What is being asked: Return each line in the records below that includes "noteq".

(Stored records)
▼
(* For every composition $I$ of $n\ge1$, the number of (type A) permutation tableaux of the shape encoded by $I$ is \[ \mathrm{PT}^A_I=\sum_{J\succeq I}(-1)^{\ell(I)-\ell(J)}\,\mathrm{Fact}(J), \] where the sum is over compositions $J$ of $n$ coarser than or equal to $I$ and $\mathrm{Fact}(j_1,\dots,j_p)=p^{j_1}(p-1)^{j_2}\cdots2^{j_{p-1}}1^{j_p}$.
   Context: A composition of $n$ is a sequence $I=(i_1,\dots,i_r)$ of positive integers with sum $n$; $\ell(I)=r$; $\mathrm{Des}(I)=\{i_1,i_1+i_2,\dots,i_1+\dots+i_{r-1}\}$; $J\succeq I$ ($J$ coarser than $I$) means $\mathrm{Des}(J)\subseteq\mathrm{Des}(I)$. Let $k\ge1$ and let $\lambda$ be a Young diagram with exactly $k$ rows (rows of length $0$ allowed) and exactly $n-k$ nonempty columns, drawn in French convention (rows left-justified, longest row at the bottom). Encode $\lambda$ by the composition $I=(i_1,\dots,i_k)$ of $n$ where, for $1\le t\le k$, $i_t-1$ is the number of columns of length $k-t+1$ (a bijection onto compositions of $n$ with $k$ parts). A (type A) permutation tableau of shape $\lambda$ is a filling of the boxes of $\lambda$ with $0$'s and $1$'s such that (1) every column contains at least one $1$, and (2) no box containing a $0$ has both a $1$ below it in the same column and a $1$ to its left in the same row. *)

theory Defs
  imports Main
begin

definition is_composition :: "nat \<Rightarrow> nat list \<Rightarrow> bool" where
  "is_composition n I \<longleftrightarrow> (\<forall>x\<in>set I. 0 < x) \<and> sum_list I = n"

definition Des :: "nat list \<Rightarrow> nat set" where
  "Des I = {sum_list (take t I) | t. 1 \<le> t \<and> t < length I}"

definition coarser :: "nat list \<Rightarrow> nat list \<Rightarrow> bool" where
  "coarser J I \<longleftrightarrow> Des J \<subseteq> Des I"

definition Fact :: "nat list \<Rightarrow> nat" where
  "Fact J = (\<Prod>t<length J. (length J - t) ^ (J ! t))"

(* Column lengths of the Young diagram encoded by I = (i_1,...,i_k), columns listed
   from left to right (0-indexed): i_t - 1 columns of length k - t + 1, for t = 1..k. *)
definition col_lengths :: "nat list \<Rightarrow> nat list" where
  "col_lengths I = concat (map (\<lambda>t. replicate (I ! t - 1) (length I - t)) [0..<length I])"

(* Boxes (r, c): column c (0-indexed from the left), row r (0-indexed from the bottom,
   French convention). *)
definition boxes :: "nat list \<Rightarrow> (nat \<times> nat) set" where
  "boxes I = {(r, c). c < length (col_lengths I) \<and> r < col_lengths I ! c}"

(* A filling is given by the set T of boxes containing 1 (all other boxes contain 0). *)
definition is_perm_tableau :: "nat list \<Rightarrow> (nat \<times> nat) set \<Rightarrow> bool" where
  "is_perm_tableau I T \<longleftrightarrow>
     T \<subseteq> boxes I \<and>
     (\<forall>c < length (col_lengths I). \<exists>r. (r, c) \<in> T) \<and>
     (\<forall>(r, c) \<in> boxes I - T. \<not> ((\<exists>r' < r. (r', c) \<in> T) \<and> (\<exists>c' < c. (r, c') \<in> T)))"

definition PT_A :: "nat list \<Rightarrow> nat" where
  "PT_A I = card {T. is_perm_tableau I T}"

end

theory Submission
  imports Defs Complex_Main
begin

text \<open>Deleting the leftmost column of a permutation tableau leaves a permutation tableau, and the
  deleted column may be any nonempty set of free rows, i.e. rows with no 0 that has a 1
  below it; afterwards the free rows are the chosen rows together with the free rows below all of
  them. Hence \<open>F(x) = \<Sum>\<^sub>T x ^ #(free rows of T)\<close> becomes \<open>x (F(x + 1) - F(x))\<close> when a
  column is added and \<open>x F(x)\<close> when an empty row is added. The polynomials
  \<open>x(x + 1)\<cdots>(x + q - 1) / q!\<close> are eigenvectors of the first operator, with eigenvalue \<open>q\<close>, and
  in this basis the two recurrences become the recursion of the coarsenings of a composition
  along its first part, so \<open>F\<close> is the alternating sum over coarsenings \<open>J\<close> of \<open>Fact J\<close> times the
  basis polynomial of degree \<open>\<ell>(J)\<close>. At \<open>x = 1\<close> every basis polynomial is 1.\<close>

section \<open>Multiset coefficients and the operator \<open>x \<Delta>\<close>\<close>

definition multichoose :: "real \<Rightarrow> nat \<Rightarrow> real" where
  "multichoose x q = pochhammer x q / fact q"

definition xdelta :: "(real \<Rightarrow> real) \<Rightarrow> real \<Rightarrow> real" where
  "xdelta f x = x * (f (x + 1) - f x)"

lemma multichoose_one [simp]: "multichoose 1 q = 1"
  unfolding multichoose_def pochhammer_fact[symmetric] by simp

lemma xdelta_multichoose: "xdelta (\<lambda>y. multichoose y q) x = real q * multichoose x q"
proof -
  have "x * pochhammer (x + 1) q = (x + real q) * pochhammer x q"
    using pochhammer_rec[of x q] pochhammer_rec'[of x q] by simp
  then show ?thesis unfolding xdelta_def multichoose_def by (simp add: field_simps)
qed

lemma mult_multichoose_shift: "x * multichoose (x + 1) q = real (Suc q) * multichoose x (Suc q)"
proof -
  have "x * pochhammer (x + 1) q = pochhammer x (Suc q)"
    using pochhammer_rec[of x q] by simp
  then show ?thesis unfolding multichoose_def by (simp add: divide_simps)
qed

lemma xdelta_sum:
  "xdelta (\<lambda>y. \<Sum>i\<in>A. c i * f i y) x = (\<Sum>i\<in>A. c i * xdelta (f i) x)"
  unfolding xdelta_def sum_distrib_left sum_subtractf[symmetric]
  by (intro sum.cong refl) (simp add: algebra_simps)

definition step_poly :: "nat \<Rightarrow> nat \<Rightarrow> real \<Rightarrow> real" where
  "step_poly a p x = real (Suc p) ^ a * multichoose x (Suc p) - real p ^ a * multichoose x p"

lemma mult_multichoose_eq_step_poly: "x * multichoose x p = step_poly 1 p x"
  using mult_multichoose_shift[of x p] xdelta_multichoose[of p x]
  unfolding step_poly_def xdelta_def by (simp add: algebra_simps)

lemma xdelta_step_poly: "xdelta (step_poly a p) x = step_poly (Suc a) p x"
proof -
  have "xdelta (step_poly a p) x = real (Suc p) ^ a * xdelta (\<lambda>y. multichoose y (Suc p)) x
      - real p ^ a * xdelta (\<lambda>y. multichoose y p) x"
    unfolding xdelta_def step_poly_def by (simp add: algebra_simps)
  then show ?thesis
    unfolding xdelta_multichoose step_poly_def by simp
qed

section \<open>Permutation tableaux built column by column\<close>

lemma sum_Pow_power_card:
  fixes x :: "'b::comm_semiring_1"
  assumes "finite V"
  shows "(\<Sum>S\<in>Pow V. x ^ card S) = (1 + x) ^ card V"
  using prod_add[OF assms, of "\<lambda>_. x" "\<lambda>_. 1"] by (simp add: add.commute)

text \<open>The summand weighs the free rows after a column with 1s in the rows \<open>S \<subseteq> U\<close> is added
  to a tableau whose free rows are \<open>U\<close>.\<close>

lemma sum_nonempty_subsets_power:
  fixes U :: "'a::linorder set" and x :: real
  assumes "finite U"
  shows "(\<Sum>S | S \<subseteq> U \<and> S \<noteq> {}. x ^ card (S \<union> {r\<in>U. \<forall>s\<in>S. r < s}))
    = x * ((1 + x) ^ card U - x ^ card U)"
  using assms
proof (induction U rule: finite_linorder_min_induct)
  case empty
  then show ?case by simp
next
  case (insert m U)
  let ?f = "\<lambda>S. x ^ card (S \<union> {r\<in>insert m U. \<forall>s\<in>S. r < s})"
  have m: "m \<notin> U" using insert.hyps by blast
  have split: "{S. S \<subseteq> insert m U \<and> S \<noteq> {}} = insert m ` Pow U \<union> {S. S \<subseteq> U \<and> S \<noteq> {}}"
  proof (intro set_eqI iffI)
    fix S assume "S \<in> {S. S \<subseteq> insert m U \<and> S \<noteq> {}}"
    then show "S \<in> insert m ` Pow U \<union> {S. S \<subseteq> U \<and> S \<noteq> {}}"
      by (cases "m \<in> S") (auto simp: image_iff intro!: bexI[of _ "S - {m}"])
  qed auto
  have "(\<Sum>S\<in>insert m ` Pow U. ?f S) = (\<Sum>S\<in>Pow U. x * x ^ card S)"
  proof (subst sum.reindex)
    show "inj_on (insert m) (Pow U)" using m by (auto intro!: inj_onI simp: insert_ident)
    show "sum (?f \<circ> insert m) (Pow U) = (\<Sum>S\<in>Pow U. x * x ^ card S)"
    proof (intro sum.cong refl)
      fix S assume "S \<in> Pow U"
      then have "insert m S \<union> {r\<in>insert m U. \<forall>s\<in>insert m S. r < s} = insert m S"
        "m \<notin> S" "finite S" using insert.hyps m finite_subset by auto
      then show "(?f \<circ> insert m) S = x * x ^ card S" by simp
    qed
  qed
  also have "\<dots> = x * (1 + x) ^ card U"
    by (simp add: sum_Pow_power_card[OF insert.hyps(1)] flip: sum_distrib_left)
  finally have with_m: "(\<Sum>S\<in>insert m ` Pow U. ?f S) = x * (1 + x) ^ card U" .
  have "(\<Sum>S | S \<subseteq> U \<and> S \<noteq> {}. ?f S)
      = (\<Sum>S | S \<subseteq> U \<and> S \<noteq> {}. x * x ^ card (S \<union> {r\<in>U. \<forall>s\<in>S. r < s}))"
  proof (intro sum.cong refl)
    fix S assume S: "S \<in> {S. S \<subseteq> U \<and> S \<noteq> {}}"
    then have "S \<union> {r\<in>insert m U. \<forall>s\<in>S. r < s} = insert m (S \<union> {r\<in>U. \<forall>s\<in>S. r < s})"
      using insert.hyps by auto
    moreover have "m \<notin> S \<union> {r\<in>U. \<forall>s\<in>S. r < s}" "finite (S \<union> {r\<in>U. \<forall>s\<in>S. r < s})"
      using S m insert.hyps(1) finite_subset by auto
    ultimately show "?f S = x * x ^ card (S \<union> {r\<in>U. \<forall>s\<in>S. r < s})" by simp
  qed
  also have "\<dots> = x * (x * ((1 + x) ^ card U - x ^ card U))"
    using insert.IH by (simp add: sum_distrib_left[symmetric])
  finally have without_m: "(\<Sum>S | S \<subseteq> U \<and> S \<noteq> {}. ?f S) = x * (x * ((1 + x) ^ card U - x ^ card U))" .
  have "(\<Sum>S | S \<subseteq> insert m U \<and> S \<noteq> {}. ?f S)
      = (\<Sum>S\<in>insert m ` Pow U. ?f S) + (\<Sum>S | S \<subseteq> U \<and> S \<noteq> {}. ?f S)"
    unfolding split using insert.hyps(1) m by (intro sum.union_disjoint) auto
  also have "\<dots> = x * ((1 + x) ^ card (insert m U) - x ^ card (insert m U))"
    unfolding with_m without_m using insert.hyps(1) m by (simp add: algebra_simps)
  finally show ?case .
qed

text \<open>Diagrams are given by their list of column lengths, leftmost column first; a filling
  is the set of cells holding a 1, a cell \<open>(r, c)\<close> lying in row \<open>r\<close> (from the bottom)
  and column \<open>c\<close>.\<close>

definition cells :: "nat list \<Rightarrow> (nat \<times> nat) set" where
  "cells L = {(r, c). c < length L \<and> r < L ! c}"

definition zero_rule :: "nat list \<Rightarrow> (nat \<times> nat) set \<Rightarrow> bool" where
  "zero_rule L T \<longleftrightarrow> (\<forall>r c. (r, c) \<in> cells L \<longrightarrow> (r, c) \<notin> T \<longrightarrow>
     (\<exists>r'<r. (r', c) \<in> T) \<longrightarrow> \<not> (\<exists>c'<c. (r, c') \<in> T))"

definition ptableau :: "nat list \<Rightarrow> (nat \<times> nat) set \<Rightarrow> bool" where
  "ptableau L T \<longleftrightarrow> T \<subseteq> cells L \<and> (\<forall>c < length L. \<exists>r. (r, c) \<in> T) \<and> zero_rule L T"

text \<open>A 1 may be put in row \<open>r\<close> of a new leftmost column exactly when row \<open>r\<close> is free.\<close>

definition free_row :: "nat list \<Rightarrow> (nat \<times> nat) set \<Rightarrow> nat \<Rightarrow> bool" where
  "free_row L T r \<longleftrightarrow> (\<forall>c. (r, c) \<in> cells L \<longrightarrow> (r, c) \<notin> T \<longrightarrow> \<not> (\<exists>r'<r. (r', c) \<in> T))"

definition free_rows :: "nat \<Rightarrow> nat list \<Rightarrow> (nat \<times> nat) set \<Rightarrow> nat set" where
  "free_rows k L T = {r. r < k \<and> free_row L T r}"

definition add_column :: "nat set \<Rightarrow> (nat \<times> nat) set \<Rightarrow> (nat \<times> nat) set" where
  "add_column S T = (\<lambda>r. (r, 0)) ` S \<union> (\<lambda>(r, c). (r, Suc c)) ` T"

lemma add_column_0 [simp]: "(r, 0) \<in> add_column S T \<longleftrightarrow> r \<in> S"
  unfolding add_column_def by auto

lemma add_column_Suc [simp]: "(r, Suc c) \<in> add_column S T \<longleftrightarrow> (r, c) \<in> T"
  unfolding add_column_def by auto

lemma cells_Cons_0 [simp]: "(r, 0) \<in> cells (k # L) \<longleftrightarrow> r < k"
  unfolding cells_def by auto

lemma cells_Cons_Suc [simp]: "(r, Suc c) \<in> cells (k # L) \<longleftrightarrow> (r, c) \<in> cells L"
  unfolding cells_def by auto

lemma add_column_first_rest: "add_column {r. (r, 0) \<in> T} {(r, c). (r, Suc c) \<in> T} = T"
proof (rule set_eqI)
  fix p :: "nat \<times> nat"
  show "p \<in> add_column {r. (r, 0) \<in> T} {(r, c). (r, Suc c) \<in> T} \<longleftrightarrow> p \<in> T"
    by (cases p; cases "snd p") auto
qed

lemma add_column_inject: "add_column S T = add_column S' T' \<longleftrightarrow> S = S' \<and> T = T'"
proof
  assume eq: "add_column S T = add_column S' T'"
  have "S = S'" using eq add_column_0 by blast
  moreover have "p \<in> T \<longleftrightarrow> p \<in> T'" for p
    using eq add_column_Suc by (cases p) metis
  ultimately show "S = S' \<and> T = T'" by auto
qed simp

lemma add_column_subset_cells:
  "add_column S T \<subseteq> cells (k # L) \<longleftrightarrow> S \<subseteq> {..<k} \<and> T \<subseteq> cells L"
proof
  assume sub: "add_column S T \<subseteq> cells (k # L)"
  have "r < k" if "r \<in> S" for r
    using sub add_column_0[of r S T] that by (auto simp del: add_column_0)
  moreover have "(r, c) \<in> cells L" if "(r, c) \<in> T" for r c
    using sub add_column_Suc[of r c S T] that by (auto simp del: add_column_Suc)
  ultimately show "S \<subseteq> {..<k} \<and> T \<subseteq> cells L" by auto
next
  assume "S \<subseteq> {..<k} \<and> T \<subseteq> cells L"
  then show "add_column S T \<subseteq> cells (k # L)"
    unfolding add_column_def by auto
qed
▲
Completed exercise:
  shows "(\<Sum>S | S \<subseteq> U \<and> S \<noteq> {}. x ^ card (S \<union> {r\<in>U. \<forall>s\<in>S. r < s}))
  have split: "{S. S \<subseteq> insert m U \<and> S \<noteq> {}} = insert m ` Pow U \<union> {S. S \<subseteq> U \<and> S \<noteq> {}}"
    fix S assume "S \<in> {S. S \<subseteq> insert m U \<and> S \<noteq> {}}"
    then show "S \<in> insert m ` Pow U \<union> {S. S \<subseteq> U \<and> S \<noteq> {}}"
  have "(\<Sum>S | S \<subseteq> U \<and> S \<noteq> {}. ?f S)
      = (\<Sum>S | S \<subseteq> U \<and> S \<noteq> {}. x * x ^ card (S \<union> {r\<in>U. \<forall>s\<in>S. r < s}))"
    fix S assume S: "S \<in> {S. S \<subseteq> U \<and> S \<noteq> {}}"
  finally have without_m: "(\<Sum>S | S \<subseteq> U \<and> S \<noteq> {}. ?f S) = x * (x * ((1 + x) ^ card U - x ^ card U))" .
  have "(\<Sum>S | S \<subseteq> insert m U \<and> S \<noteq> {}. ?f S)
      = (\<Sum>S\<in>insert m ` Pow U. ?f S) + (\<Sum>S | S \<subseteq> U \<and> S \<noteq> {}. ?f S)"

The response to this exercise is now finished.